### Task description
From the entries below, please output exactly the lines starting at the one containing "0) \<le> card" and ending at the one containing "by (simp add: prod_level_Suc_last[where", both included.

### Working data
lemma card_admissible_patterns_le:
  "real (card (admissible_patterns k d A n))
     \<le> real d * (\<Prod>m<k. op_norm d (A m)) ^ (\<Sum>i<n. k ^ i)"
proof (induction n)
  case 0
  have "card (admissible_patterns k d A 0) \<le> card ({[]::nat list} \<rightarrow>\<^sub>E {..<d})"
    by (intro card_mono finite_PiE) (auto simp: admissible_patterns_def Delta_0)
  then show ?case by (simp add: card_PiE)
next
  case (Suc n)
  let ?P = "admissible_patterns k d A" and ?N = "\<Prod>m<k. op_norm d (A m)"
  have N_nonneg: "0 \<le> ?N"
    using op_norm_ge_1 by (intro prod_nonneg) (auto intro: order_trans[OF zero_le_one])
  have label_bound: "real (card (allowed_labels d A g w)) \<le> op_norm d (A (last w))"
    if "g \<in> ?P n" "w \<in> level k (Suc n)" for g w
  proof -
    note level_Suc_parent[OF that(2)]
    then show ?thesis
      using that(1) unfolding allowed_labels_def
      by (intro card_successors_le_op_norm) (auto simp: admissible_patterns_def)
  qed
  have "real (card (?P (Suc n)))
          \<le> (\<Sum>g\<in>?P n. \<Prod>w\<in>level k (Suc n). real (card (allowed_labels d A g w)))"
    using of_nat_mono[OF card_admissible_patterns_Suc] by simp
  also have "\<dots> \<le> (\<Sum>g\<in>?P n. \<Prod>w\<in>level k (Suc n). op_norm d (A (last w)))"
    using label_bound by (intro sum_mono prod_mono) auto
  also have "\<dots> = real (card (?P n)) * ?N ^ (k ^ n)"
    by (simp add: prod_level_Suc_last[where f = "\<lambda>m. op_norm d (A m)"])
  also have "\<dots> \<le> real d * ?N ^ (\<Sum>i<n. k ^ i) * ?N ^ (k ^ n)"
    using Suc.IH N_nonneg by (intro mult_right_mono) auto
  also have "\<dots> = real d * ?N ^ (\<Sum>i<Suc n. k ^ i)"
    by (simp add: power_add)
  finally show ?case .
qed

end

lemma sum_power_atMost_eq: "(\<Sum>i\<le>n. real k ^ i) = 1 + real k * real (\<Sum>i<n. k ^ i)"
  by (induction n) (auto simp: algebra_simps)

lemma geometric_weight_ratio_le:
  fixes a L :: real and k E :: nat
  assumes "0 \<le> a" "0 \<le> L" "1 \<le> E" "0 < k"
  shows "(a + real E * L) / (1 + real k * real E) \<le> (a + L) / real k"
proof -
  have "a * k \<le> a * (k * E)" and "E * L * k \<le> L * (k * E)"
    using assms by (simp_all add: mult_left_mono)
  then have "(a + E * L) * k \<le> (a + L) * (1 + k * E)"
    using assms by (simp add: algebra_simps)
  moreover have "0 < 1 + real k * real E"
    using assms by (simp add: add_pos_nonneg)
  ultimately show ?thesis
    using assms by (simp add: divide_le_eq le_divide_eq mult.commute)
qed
...
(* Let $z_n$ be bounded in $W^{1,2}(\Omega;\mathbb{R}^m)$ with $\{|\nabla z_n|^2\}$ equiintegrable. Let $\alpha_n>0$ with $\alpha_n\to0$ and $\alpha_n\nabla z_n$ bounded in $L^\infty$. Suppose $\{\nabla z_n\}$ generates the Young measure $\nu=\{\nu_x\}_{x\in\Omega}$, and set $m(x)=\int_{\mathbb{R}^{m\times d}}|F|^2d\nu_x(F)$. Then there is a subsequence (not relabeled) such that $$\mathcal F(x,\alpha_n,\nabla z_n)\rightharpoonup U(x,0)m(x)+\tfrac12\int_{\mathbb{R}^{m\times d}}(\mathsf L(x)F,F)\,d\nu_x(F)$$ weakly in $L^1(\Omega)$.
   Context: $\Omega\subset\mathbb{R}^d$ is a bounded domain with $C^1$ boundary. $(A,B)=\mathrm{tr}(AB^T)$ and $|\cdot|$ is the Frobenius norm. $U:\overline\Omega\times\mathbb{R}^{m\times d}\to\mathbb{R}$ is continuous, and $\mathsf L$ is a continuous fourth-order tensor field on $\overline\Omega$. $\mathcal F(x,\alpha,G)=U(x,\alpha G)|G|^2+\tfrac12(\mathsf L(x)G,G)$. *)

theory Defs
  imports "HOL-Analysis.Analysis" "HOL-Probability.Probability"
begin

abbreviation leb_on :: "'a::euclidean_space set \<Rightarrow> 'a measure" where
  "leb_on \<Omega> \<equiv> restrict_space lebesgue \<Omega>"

### Answer space
  have "card (admissible_patterns k d A 0) \<le> card ({[]::nat list} \<rightarrow>\<^sub>E {..<d})"
    by (intro card_mono finite_PiE) (auto simp: admissible_patterns_def Delta_0)
  then show ?case by (simp add: card_PiE)
next
  case (Suc n)
  let ?P = "admissible_patterns k d A" and ?N = "\<Prod>m<k. op_norm d (A m)"
  have N_nonneg: "0 \<le> ?N"
    using op_norm_ge_1 by (intro prod_nonneg) (auto intro: order_trans[OF zero_le_one])
  have label_bound: "real (card (allowed_labels d A g w)) \<le> op_norm d (A (last w))"
    if "g \<in> ?P n" "w \<in> level k (Suc n)" for g w
  proof -
    note level_Suc_parent[OF that(2)]
    then show ?thesis
      using that(1) unfolding allowed_labels_def
      by (intro card_successors_le_op_norm) (auto simp: admissible_patterns_def)
  qed
  have "real (card (?P (Suc n)))
          \<le> (\<Sum>g\<in>?P n. \<Prod>w\<in>level k (Suc n). real (card (allowed_labels d A g w)))"
    using of_nat_mono[OF card_admissible_patterns_Suc] by simp
  also have "\<dots> \<le> (\<Sum>g\<in>?P n. \<Prod>w\<in>level k (Suc n). op_norm d (A (last w)))"
    using label_bound by (intro sum_mono prod_mono) auto
  also have "\<dots> = real (card (?P n)) * ?N ^ (k ^ n)"
    by (simp add: prod_level_Suc_last[where f = "\<lambda>m. op_norm d (A m)"])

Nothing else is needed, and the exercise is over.